"Let books be your dining table, / And you shall be full of delights. / Let them be your
mattress,/
And you shall sleep restful nights" (St. Ephraim the Syrian).


Wednesday, January 9, 2019

Persian Christians at the Chinese Court

The expansion of Syriac and other Christian traditions into China and far east Asia has long fascinated me; so, too, has its gradual disappearance. Along comes a recently published book to continue to shed light on these great traditions and their expansion and eventual retraction: R. Todd Godwin, Persian Christians at the Chinese Court: The Xi'an Stele and the Early Medieval Church of the East (I.B. Tauris, 2018), 320pp.

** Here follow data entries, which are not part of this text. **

lemma bij_betw_filter_index:
  "bij_betw (filter_index P xs) {i. i < length xs \<and> P (xs ! i)} {..<length (filter P xs)}"
proof -
  let ?A = "{i. i < length xs \<and> P (xs ! i)}"
  have inj: "inj_on (filter_index P xs) ?A"
  proof (rule inj_onI)
    fix i j assume "i \<in> ?A" "j \<in> ?A" "filter_index P xs i = filter_index P xs j"
    then show "i = j"
      using filter_index_less[of i j xs P] filter_index_less[of j i xs P]
      by (cases i j rule: linorder_cases) auto
  qed
  moreover have "filter_index P xs ` ?A \<subseteq> {..<length (filter P xs)}"
    using filter_index_less_length by blast
  moreover have "card (filter_index P xs ` ?A) = card {..<length (filter P xs)}"
    using card_image[OF inj] by (simp add: length_filter_conv_card)
  ultimately show ?thesis
    by (simp add: bij_betw_def card_subset_eq)
qed

lemma sum_filter_index:
  fixes xs :: "'a::comm_monoid_add list"
  shows "(\<Sum>i\<in>{i. i < length xs \<and> P (xs ! i) \<and> Q (filter_index P xs i)}. xs ! i) =
         (\<Sum>j\<in>{j. j < length (filter P xs) \<and> Q j}. filter P xs ! j)"
proof -
  let ?S = "{i. i < length xs \<and> P (xs ! i) \<and> Q (filter_index P xs i)}"
  let ?A = "{i. i < length xs \<and> P (xs ! i)}"
  have bij: "bij_betw (filter_index P xs) ?A {..<length (filter P xs)}"
    by (rule bij_betw_filter_index)
  have "?S = {i \<in> ?A. Q (filter_index P xs i)}"
    by auto
  then have "filter_index P xs ` ?S = {j \<in> filter_index P xs ` ?A. Q j}"
    by blast
  also have "\<dots> = {j. j < length (filter P xs) \<and> Q j}"
    using bij by (auto simp: bij_betw_def)
  finally have img: "filter_index P xs ` ?S = {j. j < length (filter P xs) \<and> Q j}" .
  have "bij_betw (filter_index P xs) ?S {j. j < length (filter P xs) \<and> Q j}"
    by (rule bij_betw_subset[OF bij _ img]) auto
  then have "(\<Sum>i\<in>?S. filter P xs ! filter_index P xs i) = (\<Sum>j\<in>{j. j < length (filter P xs) \<and> Q j}. filter P xs ! j)"
    by (rule sum.reindex_bij_betw)
  then show ?thesis
    by (simp add: nth_filter_filter_index)
qed

lemma is_packing_filter_merge:
  assumes g: "is_packing (filter P I) k g" and h: "is_packing (filter (\<lambda>x. \<not> P x) I) l h"
  shows "is_packing I (k + l)
           (\<lambda>i. if P (I ! i) then g (filter_index P I i) else k + h (filter_index (\<lambda>x. \<not> P x) I i))"
    (is "is_packing I _ ?f")
proof -
  have g_less: "g (filter_index P I i) < k" if "i < length I" "P (I ! i)" for i
    using g filter_index_less_length[of i I P, OF that] by (simp add: is_packing_def)
  have h_less: "h (filter_index (\<lambda>x. \<not> P x) I i) < l" if "i < length I" "\<not> P (I ! i)" for i
    using h filter_index_less_length[of i I "\<lambda>x. \<not> P x"] that by (simp add: is_packing_def)
  have "(\<Sum>i\<in>{i. i < length I \<and> ?f i = b}. I ! i) \<le> 1" if "b < k + l" for b
  proof (cases "b < k")
    case True
    then have "(\<Sum>i\<in>{i. i < length I \<and> ?f i = b}. I ! i) =
               (\<Sum>i\<in>{i. i < length I \<and> P (I ! i) \<and> g (filter_index P I i) = b}. I ! i)"
      by (intro sum.cong) auto
    also have "\<dots> = (\<Sum>j\<in>{j. j < length (filter P I) \<and> g j = b}. filter P I ! j)"
      by (rule sum_filter_index)
    also have "\<dots> \<le> 1"
      using g True by (simp add: is_packing_def)
    finally show ?thesis .
  next
    case False
    then have "(\<Sum>i\<in>{i. i < length I \<and> ?f i = b}. I ! i) =
               (\<Sum>i\<in>{i. i < length I \<and> \<not> P (I ! i) \<and> h (filter_index (\<lambda>x. \<not> P x) I i) = b - k}. I ! i)"
      using g_less by (intro sum.cong) auto
    also have "\<dots> = (\<Sum>j\<in>{j. j < length (filter (\<lambda>x. \<not> P x) I) \<and> h j = b - k}. filter (\<lambda>x. \<not> P x) I ! j)"
      by (rule sum_filter_index)
    also have "\<dots> \<le> 1"
      using h False that by (simp add: is_packing_def)
    finally show ?thesis .
  qed
  then show ?thesis
    using g_less h_less by (auto simp: is_packing_def intro: trans_less_add1)
qed

lemma OPT_le_two_sizes:
  assumes "set I \<subseteq> {1/4, 3/10}"
  shows "real (OPT I) \<le> (\<Sum>x\<leftarrow>I. if x = 1/4 then 1/4 else 1/3) + 2"
proof -
  let ?A = "filter (\<lambda>x. x = 1/4) I" and ?B = "filter (\<lambda>x. x \<noteq> 1/4) I"
  have "is_packing ?A ((length ?A + 4 - 1) div 4) (\<lambda>i. i div 4)"
    by (rule is_packing_small_items) auto
  moreover have "is_packing ?B ((length ?B + 3 - 1) div 3) (\<lambda>i. i div 3)"
    by (rule is_packing_small_items) (use assms in auto)
  ultimately have "OPT I \<le> (length ?A + 4 - 1) div 4 + (length ?B + 3 - 1) div 3"
    by (rule OPT_le_packing[OF is_packing_filter_merge])
  then have "OPT I \<le> (length ?A + 3) div 4 + (length ?B + 2) div 3"
    by simp
  then have "real (OPT I) \<le> real ((length ?A + 3) div 4) + real ((length ?B + 2) div 3)"
    by linarith
  also have "\<dots> \<le> real (length ?A + 3) / 4 + real (length ?B + 2) / 3"
    using of_nat_div_le_of_nat[where 'a = real, of "length ?A + 3" 4]
      of_nat_div_le_of_nat[where 'a = real, of "length ?B + 2" 3]
    unfolding of_nat_numeral by (rule add_mono)
  also have "\<dots> \<le> real (length ?A) / 4 + real (length ?B) / 3 + 2"
    by (simp add: field_simps)
  also have "real (length ?A) / 4 + real (length ?B) / 3 = (\<Sum>x\<leftarrow>I. if x = 1/4 then 1/4 else 1/3)"
    by (induction I) (simp_all add: field_simps)
  finally show ?thesis .
qed

definition fitting_loads :: "real multiset \<Rightarrow> real \<Rightarrow> real set" where
  "fitting_loads M x = {l \<in> set_mset M. l + x \<le> 1}"

definition bf_insert :: "real multiset \<Rightarrow> real \<Rightarrow> real multiset" where
  "bf_insert M x =
     (if fitting_loads M x = {} then add_mset x M
      else add_mset (Max (fitting_loads M x) + x) (M - {#Max (fitting_loads M x)#}))"

lemma finite_fitting_loads [simp]: "finite (fitting_loads M x)"
  by (simp add: fitting_loads_def)

lemma Max_fitting_loads_in:
  "fitting_loads M x \<noteq> {} \<Longrightarrow> Max (fitting_loads M x) \<in># M"
  using Max_in[of "fitting_loads M x"] by (auto simp: fitting_loads_def)

lemma mset_bf_step: "mset (bf_step loads x) = bf_insert (mset loads) x"
proof -
  define cands where "cands = filter (\<lambda>i. loads ! i + x \<le> 1) [0..<length loads]"
  have img: "(\<lambda>i. loads ! i) ` set cands = fitting_loads (mset loads) x"
    by (auto simp: cands_def fitting_loads_def in_set_conv_nth)
  show ?thesis
  proof (cases "cands = []")
    case True
    then show ?thesis
      using img by (simp add: bf_step_def bf_insert_def cands_def[symmetric])
  next
    case False
    define m where "m = Max ((\<lambda>i. loads ! i) ` set cands)"
    define j where "j = hd (filter (\<lambda>i. loads ! i = m) cands)"
    have "m \<in> (\<lambda>i. loads ! i) ` set cands"
      unfolding m_def using False by (intro Max_in) auto
    then have "filter (\<lambda>i. loads ! i = m) cands \<noteq> []"
      by (auto simp: filter_empty_conv)
    then have "j \<in> set (filter (\<lambda>i. loads ! i = m) cands)"
      unfolding j_def by (rule hd_in_set)
    then have j: "j < length loads" "loads ! j = m"
      by (auto simp: cands_def)
    have "bf_step loads x = loads[j := loads ! j + x]"
      using False by (simp add: bf_step_def cands_def[symmetric] Let_def m_def[symmetric] j_def[symmetric])
    then have "mset (bf_step loads x) = add_mset (m + x) (mset loads - {#m#})"
      using j by (simp add: mset_update)
    moreover have "fitting_loads (mset loads) x \<noteq> {}"
      using False img by auto
    ultimately show ?thesis
      using img by (simp add: bf_insert_def m_def)
  qed
qed

lemma BF_eq_size_fold: "BF I = size (fold (\<lambda>x M. bf_insert M x) I {#})"
proof -
  have "mset (fold (\<lambda>x loads. bf_step loads x) I loads) = fold (\<lambda>x M. bf_insert M x) I (mset loads)"
    for loads
    by (induction I arbitrary: loads) (simp_all add: mset_bf_step)
  from this[of "[]"] show ?thesis
    by (metis BF_def bf_loads_def mset.simps(1) size_mset)
qed

lemma size_bf_insert: "size (bf_insert M x) = size M + of_bool (fitting_loads M x = {})"
proof (cases "fitting_loads M x = {}")
  case False
  then have "Max (fitting_loads M x) \<in># M"
    by (rule Max_fitting_loads_in)
  moreover from this have "size M > 0"
    by (cases M) auto
  ultimately show ?thesis
    using False by (simp add: bf_insert_def size_Diff_singleton)
qed (simp add: bf_insert_def)

definition open_loads :: "real \<Rightarrow> real multiset \<Rightarrow> real multiset" where
  "open_loads a M = filter_mset (\<lambda>l. l + a \<le> 1) M"

lemma fitting_loads_open_loads: "a \<le> x \<Longrightarrow> fitting_loads (open_loads a M) x = fitting_loads M x"
  by (auto simp: fitting_loads_def open_loads_def)

lemma open_loads_bf_insert:
  assumes "a \<le> x"
  shows "open_loads a (bf_insert M x) = open_loads a (bf_insert (open_loads a M) x)"
proof (cases "fitting_loads M x = {}")
  case True
  then show ?thesis
    using fitting_loads_open_loads[OF assms, of M]
    by (simp add: bf_insert_def open_loads_def filter_filter_mset)
next
  case False
  define m where "m = Max (fitting_loads M x)"
  have "open_loads a (M - {#m#}) = open_loads a (open_loads a M - {#m#})"
    by (simp add: open_loads_def filter_filter_mset)
  then show ?thesis
    using False fitting_loads_open_loads[OF assms, of M]
    by (simp add: bf_insert_def m_def[symmetric]) (simp add: open_loads_def)
qed

definition item_dist :: "real pmf" where
  "item_dist = map_pmf (\<lambda>b. if b then 3/10 else 1/4) (bernoulli_pmf (2/5))"

lemma set_pmf_item_dist: "set_pmf item_dist = {1/4, 3/10}"
  by (auto simp: item_dist_def)

lemma finite_set_pmf_item_dist: "finite (set_pmf item_dist)"
  by (simp add: set_pmf_item_dist)

lemma expectation_item_dist:
  "measure_pmf.expectation item_dist (g :: real \<Rightarrow> real) = 3/5 * g (1/4) + 2/5 * g (3/10)"
  by (simp add: item_dist_def)

definition open_configs :: "real multiset set" where
  "open_configs = {{#}, {#1/4#}, {#3/10#}, {#1/2#}, {#11/20#}, {#3/5#}, {#3/4#},
                   {#3/10, 3/4#}, {#3/5, 3/4#}}"

text \<open>The nine open configurations have pairwise distinct total loads, so the potential is
tabulated by total open load. Its values solve the Poisson equation of the Best Fit chain on
these configurations, and bf_rate is the stationary rate at which that chain opens new bins.\<close>

definition bf_rate :: real where
  "bf_rate = 1775/5676"

definition load_potential :: "real \<Rightarrow> real" where
  "load_potential s =
     (if s = 1/4 then -4135/5676 else if s = 3/10 then -1775/2838
      else if s = 1/2 then -125/258 else if s = 11/20 then -1775/5676
      else if s = 3/5 then -1775/5676 else if s = 3/4 then -1625/5676
      else if s = 21/20 then -1767/1892 else if s = 27/20 then -1745/2838 else 0)"

definition bins_plus_potential :: "real multiset \<Rightarrow> real" where
  "bins_plus_potential M = real (size M) + load_potential (sum_mset (open_loads (1/4) M))"

lemma load_potential_nonpos: "load_potential s \<le> 0"
  by (simp add: load_potential_def)

lemma fitting_loads_add_mset:
  "fitting_loads (add_mset l M) x = (if l + x \<le> 1 then insert l (fitting_loads M x) else fitting_loads M x)"
  by (auto simp: fitting_loads_def)

lemma fitting_loads_empty: "fitting_loads {#} x = {}"
  by (simp add: fitting_loads_def)

lemma open_configs_drift:
  assumes "C \<in> open_configs"
  shows "open_loads (1/4) (bf_insert C (1/4)) \<in> open_configs \<and>
    open_loads (1/4) (bf_insert C (3/10)) \<in> open_configs \<and>
    3/5 * (of_bool (fitting_loads C (1/4) = {})
                + load_potential (sum_mset (open_loads (1/4) (bf_insert C (1/4)))))
       + 2/5 * (of_bool (fitting_loads C (3/10) = {})
                + load_potential (sum_mset (open_loads (1/4) (bf_insert C (3/10)))))
       = load_potential (sum_mset C) + bf_rate"
  using assms unfolding open_configs_def
  by (elim insertE emptyE)
     (simp_all add: bf_insert_def fitting_loads_add_mset fitting_loads_empty open_loads_def
                    load_potential_def bf_rate_def open_configs_def)

lemma expectation_bins_plus_potential_step:
  assumes "open_loads (1/4) M \<in> open_configs"
  shows "measure_pmf.expectation item_dist (\<lambda>x. bins_plus_potential (bf_insert M x)) = bins_plus_potential M + bf_rate"
proof -
  let ?C = "open_loads (1/4) M"
  have step: "bins_plus_potential (bf_insert M x) = real (size M) + of_bool (fitting_loads ?C x = {})
                + load_potential (sum_mset (open_loads (1/4) (bf_insert ?C x)))"
    if "x \<ge> 1/4" for x
    using that by (simp add: bins_plus_potential_def size_bf_insert fitting_loads_open_loads
                             open_loads_bf_insert[of "1/4" x M])
  have "measure_pmf.expectation item_dist (\<lambda>x. bins_plus_potential (bf_insert M x))
          = 3/5 * bins_plus_potential (bf_insert M (1/4)) + 2/5 * bins_plus_potential (bf_insert M (3/10))"
    by (rule expectation_item_dist)
  also have "\<dots> = bins_plus_potential M + bf_rate"
    using open_configs_drift[OF assms] step[of "1/4"] step[of "3/10"]
    by (simp add: bins_plus_potential_def algebra_simps)
  finally show ?thesis .
qed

About this book the publisher tells us this:
The Xi'an Stele, erected in Tang China's capital in 781, describes in both Syriac and Chinese the existence of Christian communities in northern China. While scholars have considered the Stele exclusively in relation to the Chinese cultural and historical context, Todd Godwin demonstrates that it can only be fully understood by reconstructing the complex connections that existed between the Church of the East, Sasanian aristocratic culture, and the Tang Empire (617–907) between the fall of the Sasanian Persian Empire (225–651) and the birth of the Abbasid Caliphate (762–1258).
Through close textual re-analysis of the Stele and by drawing on ancient sources in Syriac, Greek, Arabic, and Chinese, Godwin demonstrates that Tang China (617–907) was a cosmopolitan milieu where multiple religious traditions, namely Buddhism, Zoroastrianism, Manichaeism, and Christianity, formed zones of elite culture. Syriac Christianity in fact remained powerful in Persia throughout the period, and Christianity―not Zoroastrianism―was officially regarded by the Tang government as "The Persian Religion."
Persian Christians at the Chinese Court uncovers the role played by Syriac Christianity in the economic and cultural integration of late Sasanian Iran and China, and is important reading for all scholars of the Church of the East, China, and the Middle East in the medieval period.